A tRNA molecule, carrying a specific amino acid and with an anticodon (UAC) that is complementary to the start codon, binds to the mRNA.
A second tRNA molecule with an anticodon complementary to the next mRNA codon, and also carrying a specific amino acid, attaches to mRNA.
The amino acids carried by the first two tRNA molecules are linked together via a peptide bond using ATP.
The first tRNA molecule detaches from mRNA and is free to collect another amino acid for future use.
The ribosome moves along mRNA, allowing another tRNA molecule, which carries the next amino acid, to bind to the next codon on mRNA.
The process from step 4 to 6 is repeated, which elongates the polypeptide chain.
At any point during this process, two tRNA molecules can be attached to the ribosome.
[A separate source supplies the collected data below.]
(* Let $f:\mathbb{R}^m\to\mathbb{R}^m$, $y_0\in\mathbb{R}^m$, $T>0$, $h>0$, and let $(y_n)$ be defined by $y_{n+1}=y_n+hf(y_n)$ for $0\le n<\lfloor T/h\rfloor$. For $R>0$ let $\Omega=\{y:\|y-y_0\|<R\}$ and suppose $f$ is Lipschitz on $\Omega$ with constant $\mathcal{L}_f:=\sup_{y_1\ne y_2,\ y_1,y_2\in\Omega}\frac{\|f(y_2)-f(y_1)\|}{\|y_2-y_1\|}\in(0,\infty)$. If \[ R>\frac{1}{\mathcal{L}_f}\Big((1+\mathcal{L}_fh)^{\lfloor T/h\rfloor}-1\Big)\|f(y_0)\|, \] then $\|y_n-y_0\|\le R$ for all $n=0,1,\dots,\lfloor T/h\rfloor$.
   Context: $\|\cdot\|$ is the Euclidean norm and $\lfloor x\rfloor$ the largest integer not exceeding $x$. *)

theory Defs
  imports "HOL-Analysis.Analysis"
begin

definition lip_quotients :: "('a::real_normed_vector \<Rightarrow> 'b::real_normed_vector) \<Rightarrow> 'a set \<Rightarrow> real set" where
  "lip_quotients f S = {norm (f y2 - f y1) / norm (y2 - y1) | y1 y2. y1 \<in> S \<and> y2 \<in> S \<and> y1 \<noteq> y2}"

definition lip_const :: "('a::real_normed_vector \<Rightarrow> 'b::real_normed_vector) \<Rightarrow> 'a set \<Rightarrow> real" where
  "lip_const f S = Sup (lip_quotients f S)"

end

theory Submission
  imports Defs
begin

text \<open>Only the Lipschitz bound relative to the centre is needed:
  \<open>\<parallel>f y\<^sub>n\<parallel> \<le> \<parallel>f y\<^sub>0\<parallel> + L \<parallel>y\<^sub>n - y\<^sub>0\<parallel>\<close> as long as \<open>y\<^sub>n\<close> lies in the ball,
  so the errors \<open>e\<^sub>n = \<parallel>y\<^sub>n - y\<^sub>0\<parallel>\<close> satisfy \<open>e\<^sub>n\<^sub>+\<^sub>1 \<le> (1 + L h) e\<^sub>n + h \<parallel>f y\<^sub>0\<parallel>\<close>.
  This discrete Gronwall recursion gives \<open>e\<^sub>n \<le> ((1 + L h)\<^sup>n - 1) / L \<parallel>f y\<^sub>0\<parallel>\<close>,
  which increases in \<open>n\<close> and is below \<open>R\<close> up to the final step, so by induction
  each iterate stays in the open ball where the Lipschitz bound is available.\<close>

lemma lip_const_bound:
  assumes "bdd_above (lip_quotients f S)" and "x \<in> S" and "z \<in> S"
  shows "norm (f x - f z) \<le> lip_const f S * norm (x - z)"
proof (cases "x = z")
  case False
  then have "norm (f x - f z) / norm (x - z) \<in> lip_quotients f S"
    unfolding lip_quotients_def using assms(2,3) by blast
  then have "norm (f x - f z) / norm (x - z) \<le> lip_const f S"
    unfolding lip_const_def using assms(1) by (rule cSup_upper)
  with False show ?thesis by (simp add: divide_le_eq mult.commute)
qed simp

lemma norm_euler_step_le:
  fixes f :: "'a::real_normed_vector \<Rightarrow> 'a"
  assumes "norm (f x - f x0) \<le> L * norm (x - x0)" and "h \<ge> 0"
  shows "norm (x + h *\<^sub>R f x - x0) \<le> (1 + L * h) * norm (x - x0) + h * norm (f x0)"
proof -
  have "norm (f x) \<le> norm (f x0) + L * norm (x - x0)"
    using assms(1) norm_triangle_ineq[of "f x - f x0" "f x0"] by simp
  then have "h * norm (f x) \<le> h * (norm (f x0) + L * norm (x - x0))"
    using assms(2) by (rule mult_left_mono)
  moreover have "norm (x + h *\<^sub>R f x - x0) \<le> norm (x - x0) + h * norm (f x)"
    using norm_triangle_ineq[of "x - x0" "h *\<^sub>R f x"] assms(2) by (simp add: algebra_simps)
  ultimately show ?thesis by (simp add: algebra_simps)
qed

definition euler_growth_bound :: "real \<Rightarrow> real \<Rightarrow> real \<Rightarrow> nat \<Rightarrow> real" where
  "euler_growth_bound L h F n = ((1 + L * h) ^ n - 1) / L * F"

lemma euler_growth_bound_0 [simp]: "euler_growth_bound L h F 0 = 0"
  by (simp add: euler_growth_bound_def)

lemma euler_growth_bound_Suc:
  assumes "L \<noteq> 0"
  shows "euler_growth_bound L h F (Suc n) = (1 + L * h) * euler_growth_bound L h F n + h * F"
  using assms by (simp add: euler_growth_bound_def field_simps)

lemma euler_growth_bound_mono:
  assumes "L \<ge> 0" and "h \<ge> 0" and "F \<ge> 0" and "m \<le> n"
  shows "euler_growth_bound L h F m \<le> euler_growth_bound L h F n"
proof -
  have "(1 + L * h) ^ m \<le> (1 + L * h) ^ n"
    using assms by (intro power_increasing) auto
  then show ?thesis
    unfolding euler_growth_bound_def using assms by (intro mult_right_mono divide_right_mono) auto
qed

lemma euler_iterates_norm_le:
  fixes f :: "'a::real_normed_vector \<Rightarrow> 'a" and y :: "nat \<Rightarrow> 'a"
  assumes lip: "\<And>x. x \<in> ball (y 0) R \<Longrightarrow> norm (f x - f (y 0)) \<le> L * norm (x - y 0)"
    and step: "\<And>n. n < N \<Longrightarrow> y (Suc n) = y n + h *\<^sub>R f (y n)"
    and "L > 0" and "h \<ge> 0"
    and R: "euler_growth_bound L h (norm (f (y 0))) N < R"
  shows "n \<le> N \<Longrightarrow> norm (y n - y 0) \<le> euler_growth_bound L h (norm (f (y 0))) n"
proof (induction n)
  case (Suc n)
  let ?B = "euler_growth_bound L h (norm (f (y 0)))"
  have IH: "norm (y n - y 0) \<le> ?B n"
    using Suc by simp
  moreover have "?B n \<le> ?B N"
    using Suc.prems \<open>L > 0\<close> \<open>h \<ge> 0\<close> by (intro euler_growth_bound_mono) auto
  ultimately have "y n \<in> ball (y 0) R"
    using R by (simp add: dist_norm norm_minus_commute)
  then have "norm (y (Suc n) - y 0) \<le> (1 + L * h) * norm (y n - y 0) + h * norm (f (y 0))"
    using step[of n] Suc.prems \<open>h \<ge> 0\<close> by (simp add: lip norm_euler_step_le)
  also have "\<dots> \<le> (1 + L * h) * ?B n + h * norm (f (y 0))"
    using IH \<open>L > 0\<close> \<open>h \<ge> 0\<close> by (simp add: mult_left_mono)
  also have "\<dots> = ?B (Suc n)"
    using \<open>L > 0\<close> by (simp add: euler_growth_bound_Suc)
  finally show ?case .
qed simp

theorem lemma3p8:
  fixes f :: "real ^ 'm \<Rightarrow> real ^ 'm" and y :: "nat \<Rightarrow> real ^ 'm"
    and y0 :: "real ^ 'm" and T h R :: real
  assumes "T > 0" and "h > 0"
    and "y 0 = y0"
    and "\<And>n. n < nat \<lfloor>T / h\<rfloor> \<Longrightarrow> y (Suc n) = y n + h *\<^sub>R f (y n)"
    and "R > 0"
    and "bdd_above (lip_quotients f (ball y0 R))"
    and "lip_const f (ball y0 R) > 0"
    and "R > (1 / lip_const f (ball y0 R)) *
              ((1 + lip_const f (ball y0 R) * h) ^ nat \<lfloor>T / h\<rfloor> - 1) * norm (f y0)"
  shows "\<forall>n \<le> nat \<lfloor>T / h\<rfloor>. norm (y n - y0) \<le> R"
proof (intro allI impI)
  fix n assume n: "n \<le> nat \<lfloor>T / h\<rfloor>"
  let ?L = "lip_const f (ball y0 R)" and ?N = "nat \<lfloor>T / h\<rfloor>"
  let ?B = "euler_growth_bound ?L h (norm (f y0))"
  have R: "?B ?N < R"
    using assms(8) by (simp add: euler_growth_bound_def)
  have "norm (y n - y0) \<le> ?B n"
    using euler_iterates_norm_le[where f = f and y = y and R = R and L = ?L and N = ?N and h = h]
      lip_const_bound[OF assms(6)] assms(2-4,7) R n
    by (simp add: assms(5))
  also have "\<dots> \<le> ?B ?N"
    using n assms(2,7) by (intro euler_growth_bound_mono) auto
  finally show "norm (y n - y0) \<le> R"
    using R by simp
qed

end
The sequence continues until the ribosome reaches a stop codon on mRNA.
The completed polypeptide chain detaches from the ribosome.
Translation
3.7 ATP
3.7 ATP
What is ATP?
ATP is an important molecule involved in energy transfer within cells and is often referred to as the 'energy currency' of the cell.
You can think of it like a battery, temporarily holding energy and transferring it from one part of the cell to another.
Structure of ATP
ATP is a nucleotide derivative. It has a similar structure to the nucleotides (monomers) found in DNA and RNA.
ATP stands for adenosine triphosphate.
ATP consists of 3 parts:
Adenine - Nitrogenous base
Ribose - 5-carbon sugar
Phosphates - 3 phosphate groups
Uses of ATP in the body
ATP is used for a variety of energy-requiring processes such as:
Movement, such as muscle contraction or for sperm cells to swim.
Active transport of molecules against the concentration gradient, such as ions entering plant roots.
Synthesis of large molecules, such as DNA and proteins.
Secretion of substances from cells, such as releasing hormones from glands.
ATP can also activate molecules by phosphorylating them. When ATP is hydrolysed, the phosphate can be added to other molecules (such as enzymes) to make them more reactive.
ATP Reactions
ATP is broken down using a hydrolysis reaction and re-synthesised using a condensation reaction:
Hydrolysis - The addition of water to break a chemical bond between two molecules.
Condensation - The removal of water to form a chemical bond between two molecules.
The breakdown and re-synthesis of ATP is an example of a reversible reaction.
Hydrolysis of ATP to release energy
When water is added to ATP, it breaks down into adenosine diphosphate (ADP) and inorganic phosphate (Pi). This reaction is catalysed by the enzyme ATP hydrolase and releases energy for use in cells.
Condensation reaction to reform ATP
When a phosphate group and ADP join, a water molecule is released. This reaction is catalysed by the enzyme ATP synthase. This process requires energy and traps chemical energy in the bond.